- **EXERCISE DETAILS**: Transcribe the following entries word for word. End with the line where "interpret B: nonassoc_algebra L' by fact" appears.

[Collected data]
====

lemma N_extend_subst:
  assumes z: "\<And>i. i < d \<Longrightarrow> z i \<in> lcarrier M"
  obtains \<Phi> where "is_hom N N \<Phi>" "\<And>f. f \<in> lcarrier M \<Longrightarrow> \<Phi> (proj f) = proj (subst z f)"
proof -
  let ?h = "\<lambda>f. proj (subst z f)"
  have "is_hom M M (subst z)"
    using is_hom_subst[of d z] z unfolding M_def by simp
  then have h: "is_hom M N ?h" using is_hom_proj by (rule is_hom_comp)
  let ?h1 = "\<lambda>A. ?h (lrep A)"
  have h1: "is_hom FL N ?h1"
    using M_quot.is_hom_factor[OF N.nonassoc_algebra_axioms h vanishes_on_J[OF h]] .
  have h1_lcoset: "\<And>f. f \<in> lcarrier M \<Longrightarrow> ?h1 (lcoset M J f) = ?h f"
    using M_quot.factor_lcoset[OF N.nonassoc_algebra_axioms h vanishes_on_J[OF h]] .
  have h1_K: "\<And>x. x \<in> K \<Longrightarrow> ?h1 x = lzero N"
    using is_hom_image_lcs[OF FL.nonassoc_algebra_axioms N.nonassoc_algebra_axioms h1, of "Suc t"]
      N_nilpotent by blast
  let ?h2 = "\<lambda>B. ?h1 (lrep B)"
  have h2: "is_hom N N ?h2"
    using FL_quot.is_hom_factor[OF N.nonassoc_algebra_axioms h1 h1_K] .
  have h2_lcoset: "\<And>A. A \<in> lcarrier FL \<Longrightarrow> ?h2 (lcoset FL K A) = ?h1 A"
    using FL_quot.factor_lcoset[OF N.nonassoc_algebra_axioms h1 h1_K] .
  show thesis
  proof (rule that[OF h2])
    fix f assume f: "f \<in> lcarrier M"
    have "proj f = lcoset FL K (lcoset M J f)" by (simp only: proj_def)
    then have "?h2 (proj f) = ?h1 (lcoset M J f)" using h2_lcoset[of "lcoset M J f"] f by simp
    also have "\<dots> = proj (subst z f)" using h1_lcoset f by simp
    finally show "?h2 (proj f) = proj (subst z f)" .
  qed
qed

lemma N_hom_eqI:
  assumes L': "nonassoc_algebra L'" and g1: "is_hom N L' g1" and g2: "is_hom N L' g2"
    and eq: "\<And>i. i < d \<Longrightarrow> g1 (gen i) = g2 (gen i)"
    and x: "x \<in> lcarrier N"
  shows "g1 x = g2 x"
proof -
  interpret B: nonassoc_algebra L' by fact
  have G1: "is_hom M L' (\<lambda>f. g1 (proj f))" by (rule is_hom_comp[OF is_hom_proj g1])
  have G2: "is_hom M L' (\<lambda>f. g2 (proj f))" by (rule is_hom_comp[OF is_hom_proj g2])
  let ?W = "{f \<in> lcarrier M. g1 (proj f) = g2 (proj f)}"
  have z1: "g1 (proj (lzero M)) = lzero L'"
    by (rule is_lin_zero[OF M.nonassoc_algebra_axioms L' is_homD(5)[OF G1]])
  have z2: "g2 (proj (lzero M)) = lzero L'"
    by (rule is_lin_zero[OF M.nonassoc_algebra_axioms L' is_homD(5)[OF G2]])
  have W: "subspace_of (free_magma_alg d) ?W"
    unfolding M_def[symmetric] subspace_of_def using z1 z2 is_homD[OF G1] is_homD[OF G2] by auto
  have "lcarrier (free_magma_alg d) \<subseteq> ?W"
  proof (rule free_magma_generated_by_leaves[OF W])
    fix a b assume "a \<in> ?W" "b \<in> ?W"
    then show "lbr (free_magma_alg d) a b \<in> ?W"
      unfolding M_def[symmetric] using is_homD[OF G1] is_homD[OF G2] by auto
  next
    fix i assume "i < d"
    then show "tree_monomial (Leaf i) \<in> ?W"
      using eq[of i] tree_monomial_closed_M[of "Leaf i"] unfolding gen_def by auto
  qed
  then have sub: "lcarrier M \<subseteq> ?W" unfolding M_def .
  obtain f where f: "f \<in> lcarrier M" "x = proj f" using x proj_surj by (metis imageE)
  then show ?thesis using sub by blast
qed

lemma proj_tree_monomial_lcs: "leaves s \<subseteq> {..<d} \<Longrightarrow> proj (tree_monomial s) \<in> lcs N (num_leaves s)"
proof (induction s)
  case (Leaf i)
  then show ?case using is_homD(1)[OF is_hom_proj] tree_monomial_closed_M[of "Leaf i"] by simp
next
  case (Node a b)
  obtain i where i: "num_leaves a = Suc i" using num_leaves_pos[of a] by (cases "num_leaves a") auto
  obtain j where j: "num_leaves b = Suc j" using num_leaves_pos[of b] by (cases "num_leaves b") auto
  note ij = i j
  have ca: "tree_monomial a \<in> lcarrier M" "tree_monomial b \<in> lcarrier M"
    using Node.prems tree_monomial_closed_M by auto
  have "lbr N (proj (tree_monomial a)) (proj (tree_monomial b)) \<in> lcs N (Suc (Suc (i + j)))"
    using N.lcs_br_lcs Node ij by simp
  moreover have
    "proj (tree_monomial (Node a b)) = lbr N (proj (tree_monomial a)) (proj (tree_monomial b))"
    using is_homD(4)[OF is_hom_proj ca] br_tree_monomial_M[of a b] by simp
  ultimately show ?case using ij by simp
qed

definition short_monomials :: "(tree \<Rightarrow> 'k) set set set" where
  "short_monomials = (\<lambda>s. proj (tree_monomial s)) ` {s. leaves s \<subseteq> {..<d} \<and> num_leaves s \<le> t}"

lemma finite_short_monomials: "finite short_monomials"
  unfolding short_monomials_def using finite_trees_num_leaves_le by simp

lemma short_monomials_subset: "short_monomials \<subseteq> lcarrier N"
  unfolding short_monomials_def using is_homD(1)[OF is_hom_proj] tree_monomial_closed_M by auto

lemma N_spanned_by_short_monomials:
  assumes W: "subspace_of N W" and short: "short_monomials \<subseteq> W"
  shows "lcarrier N \<subseteq> W"
proof -
  let ?W = "{f \<in> lcarrier M. proj f \<in> W}"
  have "subspace_of M ?W"
    by (rule subspace_vimage[OF M.nonassoc_algebra_axioms N.nonassoc_algebra_axioms
          is_homD(5)[OF is_hom_proj] W])
  have "lcarrier (free_magma_alg d) \<subseteq> ?W"
  proof (rule free_magma_spanned_by_monomials)
    show "subspace_of (free_magma_alg d) ?W" using \<open>subspace_of M ?W\<close> unfolding M_def .
    fix s assume s: "leaves s \<subseteq> {..<d}"
    have sc: "tree_monomial s \<in> lcarrier M" using tree_monomial_closed_M[OF s] .
    show "tree_monomial s \<in> ?W"
    proof (cases "num_leaves s \<le> t")
      case True then show ?thesis using short s sc unfolding short_monomials_def by blast
    next
      case False
      then have "lcs N (num_leaves s) \<subseteq> lcs N (Suc t)" by (intro N.lcs_antimono) simp
      then have "proj (tree_monomial s) = lzero N"
        using proj_tree_monomial_lcs[OF s] N_nilpotent by auto
      then show ?thesis using sc N.subspaceD(2)[OF W] by simp
    qed
  qed
  then have sub: "lcarrier M \<subseteq> ?W" unfolding M_def .
  show ?thesis
  proof
    fix x assume "x \<in> lcarrier N"
    then obtain f where "f \<in> lcarrier M" "x = proj f" using proj_surj by (metis imageE)
    then show "x \<in> W" using sub by blast
  qed
qed

lemma N_is_lin_surj_imp_inj: "is_lin N N f \<Longrightarrow> f ` lcarrier N = lcarrier N \<Longrightarrow> inj_on f (lcarrier N)"
  by (rule N.is_lin_surj_imp_inj[OF finite_short_monomials short_monomials_subset
        N_spanned_by_short_monomials])

end

section \<open>Automorphisms of the quotient\<close>

locale free_nilpotent_quotient =
  free_nilpotent_lie d t M for d t and M :: "('k::field, tree \<Rightarrow> 'k) alg" +
  fixes T :: "(tree \<Rightarrow> 'k) set set set"
  assumes T_ideal: "lie_ideal N T" and T_derived: "T \<subseteq> lcs N 2"

sublocale free_nilpotent_quotient \<subseteq> T_quot: quotient_algebra N T
  by unfold_locales (rule N.lie_ideal_imp_two_sided_ideal[OF T_ideal])

sublocale free_nilpotent_quotient \<subseteq> Q: lie_algebra "lie_quot N T"
  by (rule T_quot.lie_algebra_quot[OF N.lie_algebra_axioms])

context free_nilpotent_quotient begin

declare M_quot.quot_carrier[simp del] FL_quot.quot_carrier[simp del] T_quot.quot_carrier[simp del]

abbreviation "Q \<equiv> lie_quot N T"

lemma Q_spanned_by_short_monomials:
  "subspace_of Q W \<Longrightarrow> lcoset N T ` short_monomials \<subseteq> W \<Longrightarrow> lcarrier Q \<subseteq> W"
proof -
  assume W: "subspace_of Q W" and A: "lcoset N T ` short_monomials \<subseteq> W"
  have s: "subspace_of N {x \<in> lcarrier N. lcoset N T x \<in> W}"
    by (rule subspace_vimage[OF N.nonassoc_algebra_axioms Q.nonassoc_algebra_axioms
          is_homD(5)[OF T_quot.is_hom_lcoset] W])
  have "lcarrier N \<subseteq> {x \<in> lcarrier N. lcoset N T x \<in> W}"
    by (rule N_spanned_by_short_monomials[OF s]) (use A short_monomials_subset in auto)
  then show "lcarrier Q \<subseteq> W" unfolding T_quot.quot_carrier by auto
qed

lemma Q_is_lin_surj_imp_inj: "is_lin Q Q f \<Longrightarrow> f ` lcarrier Q = lcarrier Q \<Longrightarrow> inj_on f (lcarrier Q)"
  by (rule Q.is_lin_surj_imp_inj[OF _ _ Q_spanned_by_short_monomials])
    (use finite_short_monomials short_monomials_subset in auto)

definition induced_aut :: "((tree \<Rightarrow> 'k) set set \<Rightarrow> (tree \<Rightarrow> 'k) set set) \<Rightarrow>
    (tree \<Rightarrow> 'k) set set set \<Rightarrow> (tree \<Rightarrow> 'k) set set set" where
  "induced_aut \<Phi> = (\<lambda>A\<in>lcarrier Q. lcoset N T (\<Phi> (lrep A)))"

lemma
  assumes h: "is_hom N N \<Phi>" and TT: "\<Phi> ` T \<subseteq> T"
  shows is_hom_induced_aut: "is_hom Q Q (induced_aut \<Phi>)"
    and induced_aut_lcoset: "x \<in> lcarrier N \<Longrightarrow> induced_aut \<Phi> (lcoset N T x) = lcoset N T (\<Phi> x)"
proof -
  have h1: "is_hom N Q (\<lambda>x. lcoset N T (\<Phi> x))" by (rule is_hom_comp[OF h T_quot.is_hom_lcoset])
  have vanish: "\<And>x. x \<in> T \<Longrightarrow> lcoset N T (\<Phi> x) = lzero Q"
    using TT T_quot.lcoset_eq_zero_iff T_quot.ideal_subset by blast
  have "is_hom Q Q (\<lambda>A. lcoset N T (\<Phi> (lrep A)))"
    by (rule T_quot.is_hom_factor[OF Q.nonassoc_algebra_axioms h1 vanish])
  then show "is_hom Q Q (induced_aut \<Phi>)"
    by (rule is_hom_cong[OF Q.nonassoc_algebra_axioms]) (simp add: induced_aut_def)
  show "x \<in> lcarrier N \<Longrightarrow> induced_aut \<Phi> (lcoset N T x) = lcoset N T (\<Phi> x)"
    using T_quot.factor_lcoset[OF Q.nonassoc_algebra_axioms h1 vanish]
      by (simp add: induced_aut_def)
qed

====

- **TASK OUTPUT**:
lemma N_extend_subst:
  assumes z: "\<And>i. i < d \<Longrightarrow> z i \<in> lcarrier M"
  obtains \<Phi> where "is_hom N N \<Phi>" "\<And>f. f \<in> lcarrier M \<Longrightarrow> \<Phi> (proj f) = proj (subst z f)"
proof -
  let ?h = "\<lambda>f. proj (subst z f)"
  have "is_hom M M (subst z)"
    using is_hom_subst[of d z] z unfolding M_def by simp
  then have h: "is_hom M N ?h" using is_hom_proj by (rule is_hom_comp)
  let ?h1 = "\<lambda>A. ?h (lrep A)"
  have h1: "is_hom FL N ?h1"
    using M_quot.is_hom_factor[OF N.nonassoc_algebra_axioms h vanishes_on_J[OF h]] .
  have h1_lcoset: "\<And>f. f \<in> lcarrier M \<Longrightarrow> ?h1 (lcoset M J f) = ?h f"
    using M_quot.factor_lcoset[OF N.nonassoc_algebra_axioms h vanishes_on_J[OF h]] .
  have h1_K: "\<And>x. x \<in> K \<Longrightarrow> ?h1 x = lzero N"
    using is_hom_image_lcs[OF FL.nonassoc_algebra_axioms N.nonassoc_algebra_axioms h1, of "Suc t"]
      N_nilpotent by blast
  let ?h2 = "\<lambda>B. ?h1 (lrep B)"
  have h2: "is_hom N N ?h2"
    using FL_quot.is_hom_factor[OF N.nonassoc_algebra_axioms h1 h1_K] .
  have h2_lcoset: "\<And>A. A \<in> lcarrier FL \<Longrightarrow> ?h2 (lcoset FL K A) = ?h1 A"
    using FL_quot.factor_lcoset[OF N.nonassoc_algebra_axioms h1 h1_K] .
  show thesis
  proof (rule that[OF h2])
    fix f assume f: "f \<in> lcarrier M"
    have "proj f = lcoset FL K (lcoset M J f)" by (simp only: proj_def)
    then have "?h2 (proj f) = ?h1 (lcoset M J f)" using h2_lcoset[of "lcoset M J f"] f by simp
    also have "\<dots> = proj (subst z f)" using h1_lcoset f by simp
    finally show "?h2 (proj f) = proj (subst z f)" .
  qed
qed

lemma N_hom_eqI:
  assumes L': "nonassoc_algebra L'" and g1: "is_hom N L' g1" and g2: "is_hom N L' g2"
    and eq: "\<And>i. i < d \<Longrightarrow> g1 (gen i) = g2 (gen i)"
    and x: "x \<in> lcarrier N"
  shows "g1 x = g2 x"
proof -
  interpret B: nonassoc_algebra L' by fact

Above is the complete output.